[Dataset entries]
+++

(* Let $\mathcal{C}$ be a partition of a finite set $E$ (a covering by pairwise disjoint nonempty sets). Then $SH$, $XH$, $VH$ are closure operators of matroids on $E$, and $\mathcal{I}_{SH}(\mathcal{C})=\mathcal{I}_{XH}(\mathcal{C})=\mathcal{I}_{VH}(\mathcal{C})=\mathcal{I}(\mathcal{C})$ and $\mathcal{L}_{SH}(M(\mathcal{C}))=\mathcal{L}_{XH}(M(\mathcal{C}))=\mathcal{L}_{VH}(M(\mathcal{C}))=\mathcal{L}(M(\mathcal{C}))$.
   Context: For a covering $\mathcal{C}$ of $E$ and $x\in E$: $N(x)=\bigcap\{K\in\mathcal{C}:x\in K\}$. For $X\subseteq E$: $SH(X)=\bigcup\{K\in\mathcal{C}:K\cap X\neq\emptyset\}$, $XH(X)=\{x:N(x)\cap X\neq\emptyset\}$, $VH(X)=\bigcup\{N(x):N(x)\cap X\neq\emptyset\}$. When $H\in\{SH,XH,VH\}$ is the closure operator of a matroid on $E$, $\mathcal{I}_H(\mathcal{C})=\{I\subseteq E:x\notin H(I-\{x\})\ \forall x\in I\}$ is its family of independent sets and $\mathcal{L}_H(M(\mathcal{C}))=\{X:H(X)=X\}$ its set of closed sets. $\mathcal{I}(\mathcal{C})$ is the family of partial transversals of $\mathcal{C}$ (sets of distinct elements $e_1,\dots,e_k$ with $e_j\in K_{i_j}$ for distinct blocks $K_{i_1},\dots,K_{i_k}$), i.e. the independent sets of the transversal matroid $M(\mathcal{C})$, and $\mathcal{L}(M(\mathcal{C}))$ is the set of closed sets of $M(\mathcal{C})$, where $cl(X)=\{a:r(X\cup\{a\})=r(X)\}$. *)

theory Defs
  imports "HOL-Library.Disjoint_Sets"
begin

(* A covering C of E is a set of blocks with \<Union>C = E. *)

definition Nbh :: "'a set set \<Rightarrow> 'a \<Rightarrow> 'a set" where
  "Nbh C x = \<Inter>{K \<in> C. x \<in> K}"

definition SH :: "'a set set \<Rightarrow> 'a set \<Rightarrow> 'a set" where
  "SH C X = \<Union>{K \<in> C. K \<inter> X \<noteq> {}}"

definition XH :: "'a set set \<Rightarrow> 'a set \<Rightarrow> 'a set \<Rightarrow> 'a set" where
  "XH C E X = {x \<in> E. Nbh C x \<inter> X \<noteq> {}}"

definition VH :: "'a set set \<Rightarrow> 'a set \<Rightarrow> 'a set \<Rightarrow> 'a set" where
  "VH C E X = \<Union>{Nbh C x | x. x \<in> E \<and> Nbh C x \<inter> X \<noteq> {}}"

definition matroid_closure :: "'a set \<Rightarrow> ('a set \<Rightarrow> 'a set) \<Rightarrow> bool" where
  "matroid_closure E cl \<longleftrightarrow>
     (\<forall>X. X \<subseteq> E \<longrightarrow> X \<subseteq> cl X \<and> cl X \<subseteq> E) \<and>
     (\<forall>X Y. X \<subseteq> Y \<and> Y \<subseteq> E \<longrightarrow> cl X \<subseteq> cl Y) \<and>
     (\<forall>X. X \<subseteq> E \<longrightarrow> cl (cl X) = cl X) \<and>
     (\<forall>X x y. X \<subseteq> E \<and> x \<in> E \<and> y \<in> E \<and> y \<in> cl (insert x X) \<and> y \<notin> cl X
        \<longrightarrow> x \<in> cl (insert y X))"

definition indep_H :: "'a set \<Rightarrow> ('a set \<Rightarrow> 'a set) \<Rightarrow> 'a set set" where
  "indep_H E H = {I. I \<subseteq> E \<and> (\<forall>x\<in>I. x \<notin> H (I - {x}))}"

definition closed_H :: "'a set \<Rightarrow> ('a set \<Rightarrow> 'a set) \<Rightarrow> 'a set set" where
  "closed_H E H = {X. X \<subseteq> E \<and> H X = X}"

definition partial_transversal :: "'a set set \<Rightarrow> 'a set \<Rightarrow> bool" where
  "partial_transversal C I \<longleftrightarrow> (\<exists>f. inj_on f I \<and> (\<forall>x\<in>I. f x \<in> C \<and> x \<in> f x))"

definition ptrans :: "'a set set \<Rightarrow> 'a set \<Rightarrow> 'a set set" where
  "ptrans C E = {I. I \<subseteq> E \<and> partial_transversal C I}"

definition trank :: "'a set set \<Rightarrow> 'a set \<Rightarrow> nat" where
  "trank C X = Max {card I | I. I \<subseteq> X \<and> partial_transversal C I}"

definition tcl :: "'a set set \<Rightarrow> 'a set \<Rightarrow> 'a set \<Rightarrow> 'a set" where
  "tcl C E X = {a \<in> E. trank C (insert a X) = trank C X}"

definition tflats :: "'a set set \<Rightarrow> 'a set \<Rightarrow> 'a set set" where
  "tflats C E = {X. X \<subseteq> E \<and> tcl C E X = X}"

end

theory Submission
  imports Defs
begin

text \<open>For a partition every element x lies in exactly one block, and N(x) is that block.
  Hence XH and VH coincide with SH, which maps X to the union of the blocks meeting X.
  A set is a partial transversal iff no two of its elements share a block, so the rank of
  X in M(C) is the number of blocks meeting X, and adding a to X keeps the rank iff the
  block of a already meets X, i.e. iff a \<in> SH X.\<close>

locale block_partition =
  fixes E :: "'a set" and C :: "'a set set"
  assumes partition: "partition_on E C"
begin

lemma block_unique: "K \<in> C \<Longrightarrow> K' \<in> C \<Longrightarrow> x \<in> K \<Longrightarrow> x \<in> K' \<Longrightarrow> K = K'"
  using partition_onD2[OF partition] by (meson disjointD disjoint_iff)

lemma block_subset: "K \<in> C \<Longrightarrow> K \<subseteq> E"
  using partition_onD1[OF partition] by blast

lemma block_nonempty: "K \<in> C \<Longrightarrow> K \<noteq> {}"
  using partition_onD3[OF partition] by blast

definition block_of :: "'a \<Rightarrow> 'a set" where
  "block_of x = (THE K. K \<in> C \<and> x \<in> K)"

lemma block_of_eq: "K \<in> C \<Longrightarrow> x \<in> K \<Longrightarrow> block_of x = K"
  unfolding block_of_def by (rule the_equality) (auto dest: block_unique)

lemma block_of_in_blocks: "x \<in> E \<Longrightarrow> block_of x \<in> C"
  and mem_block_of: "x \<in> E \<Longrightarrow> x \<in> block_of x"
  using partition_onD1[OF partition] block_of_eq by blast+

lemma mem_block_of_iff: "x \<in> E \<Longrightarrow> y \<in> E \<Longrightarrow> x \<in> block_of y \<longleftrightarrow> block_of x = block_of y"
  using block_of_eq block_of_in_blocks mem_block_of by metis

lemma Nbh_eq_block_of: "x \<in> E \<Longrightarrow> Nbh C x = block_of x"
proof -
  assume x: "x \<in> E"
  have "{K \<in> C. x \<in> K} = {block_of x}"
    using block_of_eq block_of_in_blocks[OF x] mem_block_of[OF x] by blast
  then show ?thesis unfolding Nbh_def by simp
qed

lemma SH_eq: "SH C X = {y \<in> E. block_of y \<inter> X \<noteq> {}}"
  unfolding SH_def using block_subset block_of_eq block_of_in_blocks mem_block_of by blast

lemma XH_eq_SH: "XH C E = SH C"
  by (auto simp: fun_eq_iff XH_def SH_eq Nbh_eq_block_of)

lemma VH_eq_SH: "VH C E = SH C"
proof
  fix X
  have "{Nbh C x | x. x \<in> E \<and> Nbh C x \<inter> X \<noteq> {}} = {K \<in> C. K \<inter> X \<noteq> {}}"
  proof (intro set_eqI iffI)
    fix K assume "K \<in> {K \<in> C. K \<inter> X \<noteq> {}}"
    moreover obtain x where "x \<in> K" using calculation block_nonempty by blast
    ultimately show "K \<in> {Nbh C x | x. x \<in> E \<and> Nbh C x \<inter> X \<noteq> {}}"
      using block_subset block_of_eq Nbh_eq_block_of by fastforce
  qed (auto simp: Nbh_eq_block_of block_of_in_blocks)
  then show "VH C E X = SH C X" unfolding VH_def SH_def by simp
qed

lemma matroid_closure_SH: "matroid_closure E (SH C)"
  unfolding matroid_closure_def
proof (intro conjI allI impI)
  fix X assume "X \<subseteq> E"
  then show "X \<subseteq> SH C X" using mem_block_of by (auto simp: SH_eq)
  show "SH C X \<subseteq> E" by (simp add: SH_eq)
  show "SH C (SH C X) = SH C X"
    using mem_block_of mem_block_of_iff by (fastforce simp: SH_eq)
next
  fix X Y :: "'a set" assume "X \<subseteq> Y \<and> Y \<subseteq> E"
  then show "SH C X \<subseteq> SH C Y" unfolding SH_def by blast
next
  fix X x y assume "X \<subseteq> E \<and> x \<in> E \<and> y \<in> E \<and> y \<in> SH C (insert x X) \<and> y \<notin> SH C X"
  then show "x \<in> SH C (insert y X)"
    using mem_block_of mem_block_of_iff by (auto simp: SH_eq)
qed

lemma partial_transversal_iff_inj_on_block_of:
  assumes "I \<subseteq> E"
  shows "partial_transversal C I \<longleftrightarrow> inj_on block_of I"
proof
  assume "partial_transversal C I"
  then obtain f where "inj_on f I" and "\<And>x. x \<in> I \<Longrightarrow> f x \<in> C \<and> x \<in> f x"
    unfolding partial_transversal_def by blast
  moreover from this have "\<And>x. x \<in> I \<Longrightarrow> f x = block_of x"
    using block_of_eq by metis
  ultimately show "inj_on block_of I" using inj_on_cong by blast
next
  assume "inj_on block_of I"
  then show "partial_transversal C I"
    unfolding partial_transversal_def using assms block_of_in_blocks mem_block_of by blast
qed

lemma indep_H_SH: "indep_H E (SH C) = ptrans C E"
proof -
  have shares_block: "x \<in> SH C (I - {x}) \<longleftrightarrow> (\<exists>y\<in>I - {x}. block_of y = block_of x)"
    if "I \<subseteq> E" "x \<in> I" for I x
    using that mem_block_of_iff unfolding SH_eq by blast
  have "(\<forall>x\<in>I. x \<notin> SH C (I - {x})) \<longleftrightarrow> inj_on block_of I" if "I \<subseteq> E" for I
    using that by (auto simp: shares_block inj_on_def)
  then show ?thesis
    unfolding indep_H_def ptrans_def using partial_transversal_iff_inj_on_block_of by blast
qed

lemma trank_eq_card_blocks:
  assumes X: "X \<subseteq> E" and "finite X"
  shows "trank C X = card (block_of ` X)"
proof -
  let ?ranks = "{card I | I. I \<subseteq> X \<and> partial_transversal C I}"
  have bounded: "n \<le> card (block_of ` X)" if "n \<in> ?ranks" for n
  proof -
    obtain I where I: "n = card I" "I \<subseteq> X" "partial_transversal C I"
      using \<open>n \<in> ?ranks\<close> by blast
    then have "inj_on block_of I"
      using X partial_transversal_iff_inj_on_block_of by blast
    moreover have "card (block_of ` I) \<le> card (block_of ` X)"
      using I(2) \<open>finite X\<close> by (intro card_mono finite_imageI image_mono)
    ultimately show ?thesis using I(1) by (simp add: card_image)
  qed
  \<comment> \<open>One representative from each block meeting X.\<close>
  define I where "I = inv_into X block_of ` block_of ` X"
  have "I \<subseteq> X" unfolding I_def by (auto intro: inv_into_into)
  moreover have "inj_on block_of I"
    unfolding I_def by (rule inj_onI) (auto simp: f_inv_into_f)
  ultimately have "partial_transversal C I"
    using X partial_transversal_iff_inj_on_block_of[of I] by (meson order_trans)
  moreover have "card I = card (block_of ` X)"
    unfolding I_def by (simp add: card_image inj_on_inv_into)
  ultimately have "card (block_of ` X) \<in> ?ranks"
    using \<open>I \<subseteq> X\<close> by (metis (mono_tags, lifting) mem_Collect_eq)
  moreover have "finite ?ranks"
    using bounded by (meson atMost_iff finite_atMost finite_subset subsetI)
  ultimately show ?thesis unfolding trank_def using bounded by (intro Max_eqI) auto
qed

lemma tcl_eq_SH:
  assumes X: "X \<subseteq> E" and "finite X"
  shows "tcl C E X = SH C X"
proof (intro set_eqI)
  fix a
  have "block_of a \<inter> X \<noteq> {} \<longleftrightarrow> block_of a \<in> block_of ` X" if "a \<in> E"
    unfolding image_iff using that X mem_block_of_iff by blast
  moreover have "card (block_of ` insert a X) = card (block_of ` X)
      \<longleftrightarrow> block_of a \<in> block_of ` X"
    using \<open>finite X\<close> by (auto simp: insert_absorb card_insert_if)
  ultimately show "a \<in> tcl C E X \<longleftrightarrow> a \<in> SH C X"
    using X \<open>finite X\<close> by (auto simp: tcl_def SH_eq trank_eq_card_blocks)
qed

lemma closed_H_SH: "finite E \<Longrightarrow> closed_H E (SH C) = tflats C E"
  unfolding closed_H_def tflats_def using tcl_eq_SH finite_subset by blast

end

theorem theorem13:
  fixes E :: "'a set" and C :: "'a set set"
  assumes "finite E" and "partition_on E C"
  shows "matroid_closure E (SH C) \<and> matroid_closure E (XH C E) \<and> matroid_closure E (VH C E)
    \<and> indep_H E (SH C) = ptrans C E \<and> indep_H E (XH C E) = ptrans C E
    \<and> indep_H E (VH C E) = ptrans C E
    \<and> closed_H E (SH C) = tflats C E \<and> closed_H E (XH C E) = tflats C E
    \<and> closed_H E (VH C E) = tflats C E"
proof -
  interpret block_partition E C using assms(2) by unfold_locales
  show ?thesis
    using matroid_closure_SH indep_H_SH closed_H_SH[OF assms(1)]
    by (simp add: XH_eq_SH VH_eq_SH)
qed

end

+++

Retype only the stretch of lines above starting at the one with "Context: For a" and stopping at the one with "(\<forall>X. X \<subseteq> E \<longrightarrow> X", exactly as written, with both kept.

_Task output:_
   Context: For a covering $\mathcal{C}$ of $E$ and $x\in E$: $N(x)=\bigcap\{K\in\mathcal{C}:x\in K\}$. For $X\subseteq E$: $SH(X)=\bigcup\{K\in\mathcal{C}:K\cap X\neq\emptyset\}$, $XH(X)=\{x:N(x)\cap X\neq\emptyset\}$, $VH(X)=\bigcup\{N(x):N(x)\cap X\neq\emptyset\}$. When $H\in\{SH,XH,VH\}$ is the closure operator of a matroid on $E$, $\mathcal{I}_H(\mathcal{C})=\{I\subseteq E:x\notin H(I-\{x\})\ \forall x\in I\}$ is its family of independent sets and $\mathcal{L}_H(M(\mathcal{C}))=\{X:H(X)=X\}$ its set of closed sets. $\mathcal{I}(\mathcal{C})$ is the family of partial transversals of $\mathcal{C}$ (sets of distinct elements $e_1,\dots,e_k$ with $e_j\in K_{i_j}$ for distinct blocks $K_{i_1},\dots,K_{i_k}$), i.e. the independent sets of the transversal matroid $M(\mathcal{C})$, and $\mathcal{L}(M(\mathcal{C}))$ is the set of closed sets of $M(\mathcal{C})$, where $cl(X)=\{a:r(X\cup\{a\})=r(X)\}$. *)

theory Defs
  imports "HOL-Library.Disjoint_Sets"
begin

(* A covering C of E is a set of blocks with \<Union>C = E. *)

definition Nbh :: "'a set set \<Rightarrow> 'a \<Rightarrow> 'a set" where
  "Nbh C x = \<Inter>{K \<in> C. x \<in> K}"

definition SH :: "'a set set \<Rightarrow> 'a set \<Rightarrow> 'a set" where
  "SH C X = \<Union>{K \<in> C. K \<inter> X \<noteq> {}}"

definition XH :: "'a set set \<Rightarrow> 'a set \<Rightarrow> 'a set \<Rightarrow> 'a set" where
  "XH C E X = {x \<in> E. Nbh C x \<inter> X \<noteq> {}}"

definition VH :: "'a set set \<Rightarrow> 'a set \<Rightarrow> 'a set \<Rightarrow> 'a set" where
  "VH C E X = \<Union>{Nbh C x | x. x \<in> E \<and> Nbh C x \<inter> X \<noteq> {}}"

definition matroid_closure :: "'a set \<Rightarrow> ('a set \<Rightarrow> 'a set) \<Rightarrow> bool" where
  "matroid_closure E cl \<longleftrightarrow>
     (\<forall>X. X \<subseteq> E \<longrightarrow> X \<subseteq> cl X \<and> cl X \<subseteq> E) \<and>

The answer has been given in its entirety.